lemma lcp_length_le: "lcp_length xs ys \<le> length xs" "lcp_length xs ys \<le> length ys"
  by (meson prefix_length_le longest_common_prefix_prefix1 longest_common_prefix_prefix2)+

lemma lcp_length_snoc_ge: "lcp_length xs ys \<le> lcp_length xs (ys @ [y])"
  by (induction xs ys rule: longest_common_prefix.induct) auto

lemma lcp_length_snoc_le: "lcp_length xs (ys @ [y]) \<le> Suc (lcp_length xs ys)"
  by (induction xs ys rule: longest_common_prefix.induct) (use lcp_length_le(2)[of _ "[y]"] in auto)

lemma longest_common_prefix_self: "longest_common_prefix xs xs = xs"
  by (induction xs) auto

lemma longest_common_prefix_take: "longest_common_prefix xs (take k xs) = take k xs"
  by (induction xs arbitrary: k) (auto simp: take_Cons split: nat.split)

lemma lcp_length_eq_length_prefix:
  assumes "lcp_length xs ys = length ys" shows "prefix ys xs"
proof -
  obtain zs where "ys = longest_common_prefix xs ys @ zs"
    using longest_common_prefix_prefix2 prefixE by metis
  with assms have "longest_common_prefix xs ys = ys"
    by (metis append_Nil2 length_0_conv add_left_imp_eq length_append)
  then show ?thesis using longest_common_prefix_prefix1 by metis
qed

lemma longest_common_prefix_Nil2 [simp]: "longest_common_prefix xs [] = []"
  by (cases xs) auto

abbreviation hat_edges :: "nat \<Rightarrow> (vertex \<times> vertex) set" where
  "hat_edges h \<equiv> {(u, v). hat_adj h u v}"

lemma hat_dist_Least_relpow: "hat_dist h u v = (LEAST n. (u, v) \<in> hat_edges h ^^ n)"
  by (simp add: hat_dist_def relpow_fun_conv)

lemma hat_adj_commute: "hat_adj h u v = hat_adj h v u"
  unfolding hat_adj_def by blast

lemma sym_hat_edges: "sym (hat_edges h)"
  by (simp add: sym_def hat_adj_commute)

lemma valid_path_length: "valid_path h p \<Longrightarrow> length p \<le> h - 1"
  by (simp add: valid_path_def)

lemma valid_path_take: "valid_path h p \<Longrightarrow> valid_path h (take k p)"
  by (auto simp: valid_path_def)

lemma valid_path_append_zeros:
  "valid_path h p \<Longrightarrow> length p + m \<le> h - 1 \<Longrightarrow> valid_path h (p @ replicate m 0)"
  by (auto simp: valid_path_def nth_append)

lemma hat_walk_up:
  "valid_path h (p @ s) \<Longrightarrow> (Some (p @ s), Some p) \<in> hat_edges h ^^ length s"
proof (induction s rule: rev_induct)
  case (snoc a s)
  have "valid_path h (p @ s)"
    using valid_path_take[OF snoc.prems, of "length (p @ s)"] by simp
  moreover have "hat_adj h (Some ((p @ s) @ [a])) (Some (p @ s))"
    unfolding hat_adj_def using snoc.prems by (intro disjI1 exI[of _ "p @ s"] exI[of _ a]) simp
  ultimately show ?case using snoc.IH relpow_Suc_I2[of "Some ((p @ s) @ [a])"] by simp
qed simp

lemma hat_walk_to_mu:
  assumes "valid_path h p" and "h \<ge> 1"
  shows "(Some p, None) \<in> hat_edges h ^^ (h - length p)"
proof -
  define m where "m = h - 1 - length p"
  define leaf where "leaf = p @ replicate m 0"
  have len: "length p \<le> h - 1" using valid_path_length[OF assms(1)] .
  have leaf: "valid_path h leaf" "level h leaf = 1"
    using valid_path_append_zeros[OF assms(1), of m] len assms(2)
    by (auto simp: leaf_def m_def level_def)
  have "(Some leaf, Some p) \<in> hat_edges h ^^ m"
    using hat_walk_up[of h p "replicate m 0"] leaf by (simp add: leaf_def)
  then have "(Some p, Some leaf) \<in> hat_edges h ^^ m" by (rule relpow_sym[OF sym_hat_edges])
  moreover have "(Some leaf, None) \<in> hat_edges h"
    unfolding hat_adj_def using leaf by (intro CollectI case_prodI disjI2 exI[of _ leaf]) simp
  ultimately have "(Some p, None) \<in> hat_edges h ^^ Suc m" by (rule relpow_Suc_I)
  moreover have "Suc m = h - length p" using len assms(2) by (simp add: m_def)
  ultimately show ?thesis by simp
qed

definition hat_vertices :: "nat \<Rightarrow> vertex set" where
  "hat_vertices h = insert None (tree_nodes h)"

lemma in_hat_vertices_iff [simp]:
  "None \<in> hat_vertices h" "Some p \<in> hat_vertices h \<longleftrightarrow> valid_path h p"
  by (auto simp: hat_vertices_def tree_nodes_def)

(* A shortest walk between two tree nodes either passes through their last common ancestor
   or descends to the leaves, crosses mu and climbs back. *)
fun closed_dist :: "nat \<Rightarrow> vertex \<Rightarrow> vertex \<Rightarrow> nat" where
  "closed_dist h (Some p) (Some q) =
     min (length p + length q - 2 * lcp_length p q) (2 * h - length p - length q)"
| "closed_dist h (Some p) None = h - length p"
| "closed_dist h None (Some q) = h - length q"
| "closed_dist h None None = 0"
(* Let $\mathbf{u}=(u_n)$ be an a-sequence with bounded ratio sequence $(q_n)$. Write $S^*_\mathbf{u}=\{m_1<m_2<\cdots\}$ and $\delta_k=m_{k+1}-m_k$. Then: (a) if the sequence $(\delta_k)$ is unbounded, there are $\mathfrak{c}$ many elements $x\in\mathbb{T}$ with $\varrho_\mathbf{u}(x,0)=\frac{1}{q_\mathbf{u}}$; (b) if the sequence $(\delta_k)$ is bounded, then $|B^{\varrho_\mathbf{u}}_{1/q_\mathbf{u}}(0)|=\mathfrak{c}$.
   Context: An a-sequence is a strictly increasing sequence of integers $\mathbf{u}=(u_n)_{n\in\mathbb{N}}$ with $u_n\mid u_{n+1}$ for all $n$. Its ratios are $q_0=u_0$ and $q_n=u_n/u_{n-1}$ ($n>0$); $q_\mathbf{u}=\limsup_n q_n$ and $S^*_\mathbf{u}=\{m\in\mathbb{N}: q_m=q_\mathbf{u}\}$ (infinite when the ratios are bounded). $\mathbb{T}=\mathbb{R}/\mathbb{Z}$, $\|x\|$ is the distance from $x$ to the nearest integer, $d(x,y)=\|x-y\|$, $\varrho_\mathbf{u}(x,y)=\sup_n\max\{d(x,y),d(u_nx,u_ny)\}$, and $B^{\varrho_\mathbf{u}}_\varepsilon(0)=\{x\in\mathbb{T}:\varrho_\mathbf{u}(x,0)<\varepsilon\}$. $\mathfrak{c}$ denotes the cardinality of the continuum. *)

theory Defs
  imports Complex_Main "HOL-Library.Extended_Real" "HOL-Library.Liminf_Limsup" "HOL-Library.Infinite_Set"
    "HOL-Library.Equipollence"
begin

definition a_seq :: "(nat \<Rightarrow> nat) \<Rightarrow> bool" where
  "a_seq u \<longleftrightarrow> strict_mono u \<and> (\<forall>n. u n dvd u (Suc n))"

definition ratio :: "(nat \<Rightarrow> nat) \<Rightarrow> nat \<Rightarrow> nat" where
  "ratio u n = (if n = 0 then u 0 else u n div u (n - 1))"

definition q_lim :: "(nat \<Rightarrow> nat) \<Rightarrow> real" where
  "q_lim u = real_of_ereal (limsup (\<lambda>n. ereal (real (ratio u n))))"

definition S_star :: "(nat \<Rightarrow> nat) \<Rightarrow> nat set" where
  "S_star u = {m. real (ratio u m) = q_lim u}"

• • •

• [WHAT TO WORK ON]: Take the lines from the first line of the listing up to and including the line with "- 1 \<Longrightarrow>" and give them again exactly.

• [REPLY TO THE TASK]:
lemma lcp_length_le: "lcp_length xs ys \<le> length xs" "lcp_length xs ys \<le> length ys"
  by (meson prefix_length_le longest_common_prefix_prefix1 longest_common_prefix_prefix2)+

lemma lcp_length_snoc_ge: "lcp_length xs ys \<le> lcp_length xs (ys @ [y])"
  by (induction xs ys rule: longest_common_prefix.induct) auto

lemma lcp_length_snoc_le: "lcp_length xs (ys @ [y]) \<le> Suc (lcp_length xs ys)"
  by (induction xs ys rule: longest_common_prefix.induct) (use lcp_length_le(2)[of _ "[y]"] in auto)

lemma longest_common_prefix_self: "longest_common_prefix xs xs = xs"
  by (induction xs) auto

lemma longest_common_prefix_take: "longest_common_prefix xs (take k xs) = take k xs"
  by (induction xs arbitrary: k) (auto simp: take_Cons split: nat.split)

lemma lcp_length_eq_length_prefix:
  assumes "lcp_length xs ys = length ys" shows "prefix ys xs"
proof -
  obtain zs where "ys = longest_common_prefix xs ys @ zs"
    using longest_common_prefix_prefix2 prefixE by metis
  with assms have "longest_common_prefix xs ys = ys"
    by (metis append_Nil2 length_0_conv add_left_imp_eq length_append)
  then show ?thesis using longest_common_prefix_prefix1 by metis
qed

lemma longest_common_prefix_Nil2 [simp]: "longest_common_prefix xs [] = []"
  by (cases xs) auto

abbreviation hat_edges :: "nat \<Rightarrow> (vertex \<times> vertex) set" where
  "hat_edges h \<equiv> {(u, v). hat_adj h u v}"

lemma hat_dist_Least_relpow: "hat_dist h u v = (LEAST n. (u, v) \<in> hat_edges h ^^ n)"
  by (simp add: hat_dist_def relpow_fun_conv)

lemma hat_adj_commute: "hat_adj h u v = hat_adj h v u"
  unfolding hat_adj_def by blast

lemma sym_hat_edges: "sym (hat_edges h)"
  by (simp add: sym_def hat_adj_commute)

lemma valid_path_length: "valid_path h p \<Longrightarrow> length p \<le> h - 1"
  by (simp add: valid_path_def)

lemma valid_path_take: "valid_path h p \<Longrightarrow> valid_path h (take k p)"
  by (auto simp: valid_path_def)

lemma valid_path_append_zeros:
  "valid_path h p \<Longrightarrow> length p + m \<le> h - 1 \<Longrightarrow> valid_path h (p @ replicate m 0)"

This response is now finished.